With driver shortage looming, DHL Supply Chain opts for Tesla’s new semi trucks

DHL Supply Chain announced today that it has placed an order for 10 Tesla Electric Class 8 semi-trailer trucks. Jim Monkmeyer, president of transportation at DHL Supply Chain North America, explained that the new semis are “a revolutionary approach to trucking.”

DHL is one of the first third-party logistics companies to order the trucks, which are currently only being offered to North American customers. The connectivity and fleet management software that Tesla is promising will be a good fit for DHL’s own technologies, such as Resilience360, the German integrator said.

DHL Supply Chain said it will test the trucks at its operations in major U.S. metro cities. The trucks will be used for shuttle deliveries and same-day customer deliveries, and will be tested for mileage efficiency on longer runs from major markets to other DHL operations across the country.

But there’s a more urgent component to DHL’s decision. According to the American Trucking Association, the country is facing a current shortage of licensed commercial truck drivers, and it’s only getting worse. That shortage could double from 48,000 in 2015 to almost 100,000 in 2020 as today’s aging truckers retire, and the industry struggles to attract new workers.

As demonstrated earlier this month, Tesla’s new electric semi is better-suited to ameliorate labor shortages on hub-to-hub routes, where DHL Supply Chain is active.

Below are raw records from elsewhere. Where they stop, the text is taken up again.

(* For every integer $n\ge 0$ and $x>0$, $$\big[\ln\partial_x,\ \partial_x\big]\, x^n = \frac{1}{x}\,\delta_{n0},$$ where $[A,B]=AB-BA$, $\partial_x$ is the ordinary derivative, $\delta_{n0}$ is the Kronecker delta, and $\ln\partial_x$ is defined in the context below (with $(\ln\partial_x)\,0 = 0$).
   Context: For real $\nu$, $x>0$ and $\mu\ge 0$, the fractional derivative of a power is defined by $\partial_x^\nu x^\mu = \frac{\Gamma(\mu+1)}{\Gamma(\mu-\nu+1)}\,x^{\mu-\nu}$. The logarithm of the derivative operator is defined on powers by $(\ln\partial_x)\,x^\mu := \lim_{\nu\to 0}\frac{\partial_x^\nu x^\mu - x^\mu}{\nu}$ and extended linearly; the operator $\partial_x\circ\ln\partial_x$ applies the ordinary derivative to the resulting function (which may contain $\ln x$). *)

theory Defs
  imports "HOL-Analysis.Analysis"
begin

definition frac_deriv_pow :: "real \<Rightarrow> real \<Rightarrow> real \<Rightarrow> real" where
  "frac_deriv_pow \<nu> \<mu> x = Gamma (\<mu> + 1) / Gamma (\<mu> - \<nu> + 1) * x powr (\<mu> - \<nu>)"

definition ln_deriv_pow :: "real \<Rightarrow> real \<Rightarrow> real" where
  "ln_deriv_pow \<mu> x = Lim (at 0) (\<lambda>\<nu>. (frac_deriv_pow \<nu> \<mu> x - x powr \<mu>) / \<nu>)"

definition power_rep :: "(real \<Rightarrow> real) \<Rightarrow> (real \<Rightarrow> real) \<Rightarrow> bool" where
  "power_rep c f \<longleftrightarrow> finite {\<mu>. c \<mu> \<noteq> 0} \<and> (\<forall>\<mu>. c \<mu> \<noteq> 0 \<longrightarrow> \<mu> \<ge> 0) \<and>
     (\<forall>y>0. f y = (\<Sum>\<mu>\<in>{\<mu>. c \<mu> \<noteq> 0}. c \<mu> * y powr \<mu>))"

text \<open>Linear extension of ln d/dx to finite combinations of powers
  (the representation is unique by linear independence of distinct powers).\<close>
definition ln_deriv :: "(real \<Rightarrow> real) \<Rightarrow> real \<Rightarrow> real" where
  "ln_deriv f x = (let c = (THE c. power_rep c f) in
      (\<Sum>\<mu>\<in>{\<mu>. c \<mu> \<noteq> 0}. c \<mu> * ln_deriv_pow \<mu> x))"

end

theory Submission
  imports Defs
begin

text \<open>Differentiating the fractional derivative in the order \<open>\<nu>\<close> at \<open>\<nu> = 0\<close> gives
  \<open>(ln \<partial>) x\<^sup>\<mu> = x\<^sup>\<mu> (\<psi>(\<mu>+1) - ln x)\<close>, with \<open>\<psi>\<close> the digamma function. Hence
  \<open>ln \<partial> (\<partial> x\<^sup>n) = n x\<^sup>n\<^sup>-\<^sup>1 (\<psi>(n) - ln x)\<close>, while
  \<open>\<partial> (ln \<partial> x\<^sup>n) = n x\<^sup>n\<^sup>-\<^sup>1 (\<psi>(n+1) - ln x) - x\<^sup>n\<^sup>-\<^sup>1\<close>; the recurrence \<open>\<psi>(n+1) = \<psi>(n) + 1/n\<close>
  makes the two agree for \<open>n > 0\<close>, and for \<open>n = 0\<close> only the term \<open>1/x\<close> survives.
  That \<open>ln \<partial>\<close> is well defined on combinations of powers rests on the linear
  independence of distinct powers on \<open>x > 0\<close>.\<close>

lemma powr_linear_independent:
  fixes e :: "real \<Rightarrow> real"
  assumes "finite S" and "\<And>y. y > 0 \<Longrightarrow> (\<Sum>\<mu>\<in>S. e \<mu> * y powr \<mu>) = 0"
  shows "\<forall>\<mu>\<in>S. e \<mu> = 0"
  using assms
proof (induction "card S" arbitrary: S rule: less_induct)
  case less
  show ?case
  proof (cases "S = {}")
    case False
    define m where "m = Min S"
    have "m \<in> S" using False less.prems(1) by (simp add: m_def)
    have m_le: "\<And>\<mu>. \<mu> \<in> S \<Longrightarrow> m \<le> \<mu>" using less.prems(1) by (simp add: m_def)
    text \<open>Dividing by \<open>y\<^sup>m\<close> and letting \<open>y \<rightarrow> 0\<^sup>+\<close> isolates the coefficient of the least exponent.\<close>
    have vanishes: "\<forall>\<^sub>F y in at_right 0. (\<Sum>\<mu>\<in>S. e \<mu> * y powr (\<mu> - m)) = 0"
    proof (rule eventually_mono[OF eventually_at_right_less[of "0::real"]])
      fix y :: real assume "y > 0"
      have "(\<Sum>\<mu>\<in>S. e \<mu> * y powr (\<mu> - m)) = (\<Sum>\<mu>\<in>S. e \<mu> * y powr \<mu>) / y powr m"
        by (simp add: powr_diff sum_divide_distrib)
      then show "(\<Sum>\<mu>\<in>S. e \<mu> * y powr (\<mu> - m)) = 0" using less.prems(2) \<open>y > 0\<close> by simp
    qed
    have "((\<lambda>y. \<Sum>\<mu>\<in>S. e \<mu> * y powr (\<mu> - m)) \<longlongrightarrow> (\<Sum>\<mu>\<in>S. if \<mu> = m then e \<mu> else 0)) (at_right 0)"
    proof (rule tendsto_sum)
      fix \<mu> assume "\<mu> \<in> S"
      show "((\<lambda>y. e \<mu> * y powr (\<mu> - m)) \<longlongrightarrow> (if \<mu> = m then e \<mu> else 0)) (at_right 0)"
      proof (cases "\<mu> = m")
        case True
        have "\<forall>\<^sub>F y in at_right 0. e \<mu> = e \<mu> * y powr (\<mu> - m)"
          using eventually_at_right_less[of "0::real"] by (rule eventually_mono) (simp add: True)
        then show ?thesis using True by (simp add: Lim_transform_eventually[OF tendsto_const])
      next
        case False
        then have "\<mu> - m > 0" using m_le[OF \<open>\<mu> \<in> S\<close>] by simp
        then have "((\<lambda>y::real. y powr (\<mu> - m)) \<longlongrightarrow> 0) (at_right 0)"
          by (intro tendsto_zero_powrI) (auto intro: tendsto_ident_at eventually_at_rightI[of 0 1])
        then show ?thesis using False tendsto_mult_right_zero by auto
      qed
    qed
    moreover have "((\<lambda>y. \<Sum>\<mu>\<in>S. e \<mu> * y powr (\<mu> - m)) \<longlongrightarrow> 0) (at_right (0::real))"
      using vanishes by (simp add: Lim_transform_eventually[OF tendsto_const] eventually_mono)
    ultimately have "(\<Sum>\<mu>\<in>S. if \<mu> = m then e \<mu> else 0) = 0"
      by (intro tendsto_unique[of "at_right (0::real)"]) auto
    then have "e m = 0" using less.prems(1) \<open>m \<in> S\<close> by (simp add: sum.delta)
    have "card (S - {m}) < card S" using \<open>m \<in> S\<close> less.prems(1) by (meson card_Diff1_less)
    moreover have "(\<Sum>\<mu>\<in>S - {m}. e \<mu> * y powr \<mu>) = 0" if "y > 0" for y
      using less.prems(2)[OF that] sum.remove[OF less.prems(1) \<open>m \<in> S\<close>, of "\<lambda>\<mu>. e \<mu> * y powr \<mu>"] \<open>e m = 0\<close> by simp
    ultimately have "\<forall>\<mu>\<in>S - {m}. e \<mu> = 0" using less.hyps less.prems(1) by blast
    then show ?thesis using \<open>e m = 0\<close> by auto
  qed simp
qed

lemma power_rep_unique:
  assumes "power_rep c f" and "power_rep d f"
  shows "c = d"
proof -
  define S where "S = {\<mu>. c \<mu> \<noteq> 0} \<union> {\<mu>. d \<mu> \<noteq> 0}"
  have "finite S" using assms by (simp add: S_def power_rep_def)
  have sum_eq: "(\<Sum>\<mu>\<in>S. a \<mu> * y powr \<mu>) = f y"
    if "power_rep a f" "{\<mu>. a \<mu> \<noteq> 0} \<subseteq> S" "y > 0" for a y
  proof -
    have "(\<Sum>\<mu>\<in>S. a \<mu> * y powr \<mu>) = (\<Sum>\<mu>\<in>{\<mu>. a \<mu> \<noteq> 0}. a \<mu> * y powr \<mu>)"
      using that(2) by (intro sum.mono_neutral_right[OF \<open>finite S\<close>]) auto
    then show ?thesis using that by (simp add: power_rep_def)
  qed
  have "(\<Sum>\<mu>\<in>S. (c \<mu> - d \<mu>) * y powr \<mu>) = 0" if "y > 0" for y
  proof -
    have "(\<Sum>\<mu>\<in>S. c \<mu> * y powr \<mu>) = f y" by (rule sum_eq[OF assms(1) _ that]) (auto simp: S_def)
    moreover have "(\<Sum>\<mu>\<in>S. d \<mu> * y powr \<mu>) = f y" by (rule sum_eq[OF assms(2) _ that]) (auto simp: S_def)
    ultimately show ?thesis by (simp add: left_diff_distrib sum_subtractf)
  qed
  from powr_linear_independent[OF \<open>finite S\<close> this] have coeff_diff: "\<forall>\<mu>\<in>S. c \<mu> - d \<mu> = 0" .
  have "c \<mu> = d \<mu>" for \<mu>
  proof (cases "\<mu> \<in> S")
    case True
    then show ?thesis using coeff_diff by simp
  next
    case False
    then show ?thesis unfolding S_def by simp
  qed
  then show "c = d" by (rule ext)
qed

lemma ln_deriv_eq_sum:
  assumes "power_rep c f"
  shows "ln_deriv f x = (\<Sum>\<mu>\<in>{\<mu>. c \<mu> \<noteq> 0}. c \<mu> * ln_deriv_pow \<mu> x)"
proof -
  have "(THE c. power_rep c f) = c"
    using assms power_rep_unique by blast
  then show ?thesis by (simp add: ln_deriv_def)
qed

lemma ln_deriv_monomial:
  assumes "\<mu> \<ge> 0" and "\<And>y. y > 0 \<Longrightarrow> f y = a * y powr \<mu>"
  shows "ln_deriv f x = a * ln_deriv_pow \<mu> x"
proof -
  define c where "c = (\<lambda>\<nu>. if \<nu> = \<mu> \<and> a \<noteq> 0 then a else 0)"
  have support: "{\<nu>. c \<nu> \<noteq> 0} = (if a = 0 then {} else {\<mu>})" by (auto simp: c_def)
  have "power_rep c f"
    unfolding power_rep_def support using assms by (auto simp: c_def)
  from ln_deriv_eq_sum[OF this, of x] show ?thesis unfolding support by (simp add: c_def)
qed

lemma frac_deriv_pow_zero:
  assumes "\<mu> \<ge> 0"
  shows "frac_deriv_pow 0 \<mu> x = x powr \<mu>"
proof -
  have "Gamma (\<mu> + 1) > 0" using assms by (intro Gamma_real_pos) simp
  then show ?thesis by (simp add: frac_deriv_pow_def)
qed

lemma has_field_derivative_frac_deriv_pow_order:
  assumes "\<mu> \<ge> 0" and "x > 0"
  shows "((\<lambda>\<nu>. frac_deriv_pow \<nu> \<mu> x) has_field_derivative x powr \<mu> * (Digamma (\<mu> + 1) - ln x)) (at 0)"
proof -
  have "\<mu> + 1 \<notin> \<int>\<^sub>\<le>\<^sub>0" using assms(1) by (auto elim!: nonpos_Ints_cases)
  have "Gamma (\<mu> + 1) > 0" using assms(1) by (intro Gamma_real_pos) simp
  then have "Gamma (\<mu> + 1) * rGamma (\<mu> + 1) = 1" by (simp add: rGamma_inverse_Gamma)
  have "(rGamma has_field_derivative - rGamma (\<mu> - 0 + 1) * Digamma (\<mu> - 0 + 1)) (at (\<mu> - 0 + 1))"
    using has_field_derivative_rGamma_no_nonpos_int[OF \<open>\<mu> + 1 \<notin> \<int>\<^sub>\<le>\<^sub>0\<close>] by simp
  moreover have "((\<lambda>\<nu>::real. \<mu> - \<nu> + 1) has_field_derivative -1) (at 0)"
    by (auto intro!: derivative_eq_intros)
  ultimately have rGamma: "((\<lambda>\<nu>. rGamma (\<mu> - \<nu> + 1)) has_field_derivative rGamma (\<mu> + 1) * Digamma (\<mu> + 1)) (at 0)"
    using DERIV_chain2 by fastforce
  have powr: "((\<lambda>\<nu>. x powr (\<mu> - \<nu>)) has_field_derivative - ln x * x powr \<mu>) (at 0)"
    using assms(2) by (auto intro!: derivative_eq_intros simp: powr_def)
  have frac_deriv_pow_eq:
    "frac_deriv_pow \<nu> \<mu> x = Gamma (\<mu> + 1) * (rGamma (\<mu> - \<nu> + 1) * x powr (\<mu> - \<nu>))" for \<nu>
    by (simp add: frac_deriv_pow_def rGamma_inverse_Gamma divide_inverse)
  have "((\<lambda>\<nu>. Gamma (\<mu> + 1) * (rGamma (\<mu> - \<nu> + 1) * x powr (\<mu> - \<nu>))) has_field_derivative
      (Gamma (\<mu> + 1) * rGamma (\<mu> + 1)) * (x powr \<mu> * (Digamma (\<mu> + 1) - ln x))) (at 0)"
    using DERIV_cmult[OF DERIV_mult[OF rGamma powr], of "Gamma (\<mu> + 1)"]
    by (simp add: algebra_simps)
  then show ?thesis
    unfolding frac_deriv_pow_eq \<open>Gamma (\<mu> + 1) * rGamma (\<mu> + 1) = 1\<close> mult_1_left .
qed

lemma ln_deriv_pow_eq:
  assumes "\<mu> \<ge> 0" and "x > 0"
  shows "ln_deriv_pow \<mu> x = x powr \<mu> * (Digamma (\<mu> + 1) - ln x)"
proof -
  have "((\<lambda>\<nu>. (frac_deriv_pow \<nu> \<mu> x - x powr \<mu>) / \<nu>) \<longlongrightarrow> x powr \<mu> * (Digamma (\<mu> + 1) - ln x)) (at 0)"
    using has_field_derivative_frac_deriv_pow_order[OF assms]
    by (simp add: has_field_derivative_iff frac_deriv_pow_zero[OF assms(1)])
  then show ?thesis unfolding ln_deriv_pow_def by (rule tendsto_Lim[rotated]) simp
qed

lemma ln_deriv_scaled_power:
  assumes "y > 0"
  shows "ln_deriv (\<lambda>t. a * t ^ m) y = a * y ^ m * (Digamma (real m + 1) - ln y)"
proof -
  have "ln_deriv (\<lambda>t. a * t ^ m) y = a * ln_deriv_pow (real m) y"
    by (rule ln_deriv_monomial) (auto simp: powr_realpow)
  then show ?thesis using ln_deriv_pow_eq[of "real m" y] assms by (simp add: powr_realpow)
qed

lemma deriv_power_fun: "deriv (\<lambda>t::real. t ^ n) = (\<lambda>y. real n * y ^ (n - 1))"
  using DERIV_pow[of n _ UNIV] by (intro ext DERIV_imp_deriv) simp

lemma deriv_ln_deriv_power:
  assumes "x > 0"
  shows "deriv (\<lambda>y. ln_deriv (\<lambda>t. t ^ n) y) x
     = real n * x ^ (n - 1) * (Digamma (real n + 1) - ln x) - x ^ n / x"
proof -
  have "((\<lambda>y. y ^ n * (Digamma (real n + 1) - ln y)) has_field_derivative
      real n * x ^ (n - 1) * (Digamma (real n + 1) - ln x) - x ^ n / x) (at x)"
    using assms by (auto intro!: derivative_eq_intros)
  then have "((\<lambda>y. ln_deriv (\<lambda>t. t ^ n) y) has_field_derivative
      real n * x ^ (n - 1) * (Digamma (real n + 1) - ln x) - x ^ n / x) (at x)"
    by (rule has_field_derivative_transform_within_open[where S="{0<..}"])
       (use assms ln_deriv_scaled_power[of _ 1 n] in auto)
  then show ?thesis by (rule DERIV_imp_deriv)
qed

theorem mainTheorem5:
  fixes n :: nat and x :: real
  assumes "x > 0"
  shows "ln_deriv (\<lambda>y. deriv (\<lambda>t. t ^ n) y) x - deriv (\<lambda>y. ln_deriv (\<lambda>t. t ^ n) y) x
           = (if n = 0 then 1 / x else 0)"
proof -
  have ln_deriv_deriv: "ln_deriv (\<lambda>y. deriv (\<lambda>t. t ^ n) y) x
      = real n * x ^ (n - 1) * (Digamma (real (n - 1) + 1) - ln x)"
    using ln_deriv_scaled_power[OF assms] by (simp add: deriv_power_fun)
  show ?thesis
  proof (cases "n = 0")
    case True
    then show ?thesis using deriv_ln_deriv_power[OF assms, of 0] ln_deriv_deriv by simp
  next
    case False
    have "real (n - 1) + 1 = real n" using False by (simp add: of_nat_diff)
    moreover have "Digamma (real n + 1) = Digamma (real n) + 1 / real n"
      using Digamma_plus1[of "real n"] False by simp
    moreover have "x ^ n / x = x ^ (n - 1)" using False assms by (cases n) auto
    ultimately show ?thesis
      unfolding ln_deriv_deriv deriv_ln_deriv_power[OF assms] using False by (simp add: algebra_simps)
  qed
qed

end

The trucks’ self-navigation technology allows a line of semis to operate like a connected caravan, with the lead truck operated by a human driver, followed by automated trucks that learn from the human driver’s navigation choices.

That model works great for well-traversed routes, but for individual trucks moving between distribution centers, hubs and delivery locations, there’s still a need for humans at this point.